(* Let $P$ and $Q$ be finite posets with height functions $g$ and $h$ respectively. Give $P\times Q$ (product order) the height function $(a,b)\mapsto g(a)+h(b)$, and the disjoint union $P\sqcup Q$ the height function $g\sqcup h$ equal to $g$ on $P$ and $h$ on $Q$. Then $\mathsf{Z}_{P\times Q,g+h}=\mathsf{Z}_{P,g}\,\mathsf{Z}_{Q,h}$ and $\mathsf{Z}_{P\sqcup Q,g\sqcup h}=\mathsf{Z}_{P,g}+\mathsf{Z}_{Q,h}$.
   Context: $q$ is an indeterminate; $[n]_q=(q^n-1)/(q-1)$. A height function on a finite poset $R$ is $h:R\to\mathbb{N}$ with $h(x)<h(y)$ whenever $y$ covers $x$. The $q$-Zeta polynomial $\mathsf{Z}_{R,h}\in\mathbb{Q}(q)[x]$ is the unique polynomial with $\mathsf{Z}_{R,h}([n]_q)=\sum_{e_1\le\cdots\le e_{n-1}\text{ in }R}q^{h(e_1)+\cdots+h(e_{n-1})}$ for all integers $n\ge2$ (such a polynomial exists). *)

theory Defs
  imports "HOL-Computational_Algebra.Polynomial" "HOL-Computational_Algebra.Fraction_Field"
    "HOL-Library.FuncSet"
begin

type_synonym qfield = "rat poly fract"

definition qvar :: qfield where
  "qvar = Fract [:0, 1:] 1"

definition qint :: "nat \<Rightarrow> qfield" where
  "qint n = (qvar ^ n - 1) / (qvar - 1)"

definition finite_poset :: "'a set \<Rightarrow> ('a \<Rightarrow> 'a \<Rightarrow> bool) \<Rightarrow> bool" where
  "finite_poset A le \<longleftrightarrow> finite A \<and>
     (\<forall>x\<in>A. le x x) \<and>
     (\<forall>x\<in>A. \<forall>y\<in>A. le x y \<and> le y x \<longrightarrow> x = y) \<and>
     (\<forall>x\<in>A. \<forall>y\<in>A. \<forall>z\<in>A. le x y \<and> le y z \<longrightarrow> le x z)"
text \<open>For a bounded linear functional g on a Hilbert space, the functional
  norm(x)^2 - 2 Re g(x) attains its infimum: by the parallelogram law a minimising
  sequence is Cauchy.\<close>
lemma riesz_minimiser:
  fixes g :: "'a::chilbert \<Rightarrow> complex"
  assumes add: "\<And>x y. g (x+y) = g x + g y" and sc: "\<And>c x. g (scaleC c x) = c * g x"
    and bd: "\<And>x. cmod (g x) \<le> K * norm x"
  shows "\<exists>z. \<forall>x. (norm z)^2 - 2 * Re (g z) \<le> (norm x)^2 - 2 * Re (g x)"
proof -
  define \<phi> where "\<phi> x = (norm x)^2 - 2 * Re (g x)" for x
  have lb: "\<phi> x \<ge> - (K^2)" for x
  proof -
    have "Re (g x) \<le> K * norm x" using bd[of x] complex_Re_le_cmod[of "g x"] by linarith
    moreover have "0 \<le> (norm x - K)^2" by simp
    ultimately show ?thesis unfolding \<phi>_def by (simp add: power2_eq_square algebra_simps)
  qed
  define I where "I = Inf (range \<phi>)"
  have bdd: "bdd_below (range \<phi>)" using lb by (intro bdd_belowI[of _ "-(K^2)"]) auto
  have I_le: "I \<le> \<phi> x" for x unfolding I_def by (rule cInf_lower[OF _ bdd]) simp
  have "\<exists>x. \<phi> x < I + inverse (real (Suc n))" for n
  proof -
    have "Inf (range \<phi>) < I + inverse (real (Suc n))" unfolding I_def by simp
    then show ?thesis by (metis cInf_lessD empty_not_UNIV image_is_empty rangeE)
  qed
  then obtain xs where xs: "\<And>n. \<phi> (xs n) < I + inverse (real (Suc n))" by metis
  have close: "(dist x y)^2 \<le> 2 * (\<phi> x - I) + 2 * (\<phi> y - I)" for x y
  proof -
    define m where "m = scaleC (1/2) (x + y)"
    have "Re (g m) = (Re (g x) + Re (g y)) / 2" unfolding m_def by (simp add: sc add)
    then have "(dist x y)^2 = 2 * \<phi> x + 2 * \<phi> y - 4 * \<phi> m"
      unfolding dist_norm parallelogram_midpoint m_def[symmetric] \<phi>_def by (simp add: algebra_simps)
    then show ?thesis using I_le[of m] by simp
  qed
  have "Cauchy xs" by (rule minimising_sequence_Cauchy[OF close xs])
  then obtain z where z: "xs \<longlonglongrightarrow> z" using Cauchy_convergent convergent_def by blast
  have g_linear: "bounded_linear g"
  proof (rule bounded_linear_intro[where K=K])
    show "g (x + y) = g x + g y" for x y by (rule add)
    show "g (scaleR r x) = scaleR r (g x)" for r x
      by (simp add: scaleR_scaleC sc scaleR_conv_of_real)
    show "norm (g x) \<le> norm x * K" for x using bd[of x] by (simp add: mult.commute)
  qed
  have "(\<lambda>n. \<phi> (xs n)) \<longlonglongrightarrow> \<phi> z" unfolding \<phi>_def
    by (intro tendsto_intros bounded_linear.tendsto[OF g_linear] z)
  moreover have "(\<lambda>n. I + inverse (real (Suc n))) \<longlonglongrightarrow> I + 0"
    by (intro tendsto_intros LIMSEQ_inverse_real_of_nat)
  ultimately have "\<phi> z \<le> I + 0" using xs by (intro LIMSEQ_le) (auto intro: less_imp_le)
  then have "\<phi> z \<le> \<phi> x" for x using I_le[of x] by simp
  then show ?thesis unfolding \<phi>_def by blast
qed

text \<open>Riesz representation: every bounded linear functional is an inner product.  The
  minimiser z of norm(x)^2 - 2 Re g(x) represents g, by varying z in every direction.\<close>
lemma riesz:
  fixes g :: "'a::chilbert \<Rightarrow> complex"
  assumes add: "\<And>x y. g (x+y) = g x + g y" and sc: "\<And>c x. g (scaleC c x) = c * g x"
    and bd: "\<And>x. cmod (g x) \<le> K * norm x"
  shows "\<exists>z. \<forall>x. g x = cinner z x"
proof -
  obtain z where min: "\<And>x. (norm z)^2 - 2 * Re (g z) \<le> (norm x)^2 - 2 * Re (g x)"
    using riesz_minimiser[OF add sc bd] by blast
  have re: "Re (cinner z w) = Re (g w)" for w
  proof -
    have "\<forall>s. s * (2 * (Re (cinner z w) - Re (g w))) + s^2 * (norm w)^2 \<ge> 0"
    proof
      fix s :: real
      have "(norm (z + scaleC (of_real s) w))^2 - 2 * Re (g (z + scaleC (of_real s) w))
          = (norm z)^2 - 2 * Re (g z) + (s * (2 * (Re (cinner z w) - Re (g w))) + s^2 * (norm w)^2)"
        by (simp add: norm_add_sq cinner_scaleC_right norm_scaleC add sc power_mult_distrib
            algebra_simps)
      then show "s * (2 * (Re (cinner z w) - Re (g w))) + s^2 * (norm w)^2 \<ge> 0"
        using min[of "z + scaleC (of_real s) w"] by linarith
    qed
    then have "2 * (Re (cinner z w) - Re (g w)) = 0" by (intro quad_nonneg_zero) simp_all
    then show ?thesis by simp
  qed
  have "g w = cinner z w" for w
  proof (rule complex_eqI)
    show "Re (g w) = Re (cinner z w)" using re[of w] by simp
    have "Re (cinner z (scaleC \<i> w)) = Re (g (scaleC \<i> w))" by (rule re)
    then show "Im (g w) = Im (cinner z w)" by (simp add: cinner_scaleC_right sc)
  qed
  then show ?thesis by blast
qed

# # # # # # #

> **Task brief**:
Pull out every line of the records above that contains the word "qvar".

> **Answer area**:
definition qvar :: qfield where
  "qvar = Fract [:0, 1:] 1"
  "qint n = (qvar ^ n - 1) / (qvar - 1)"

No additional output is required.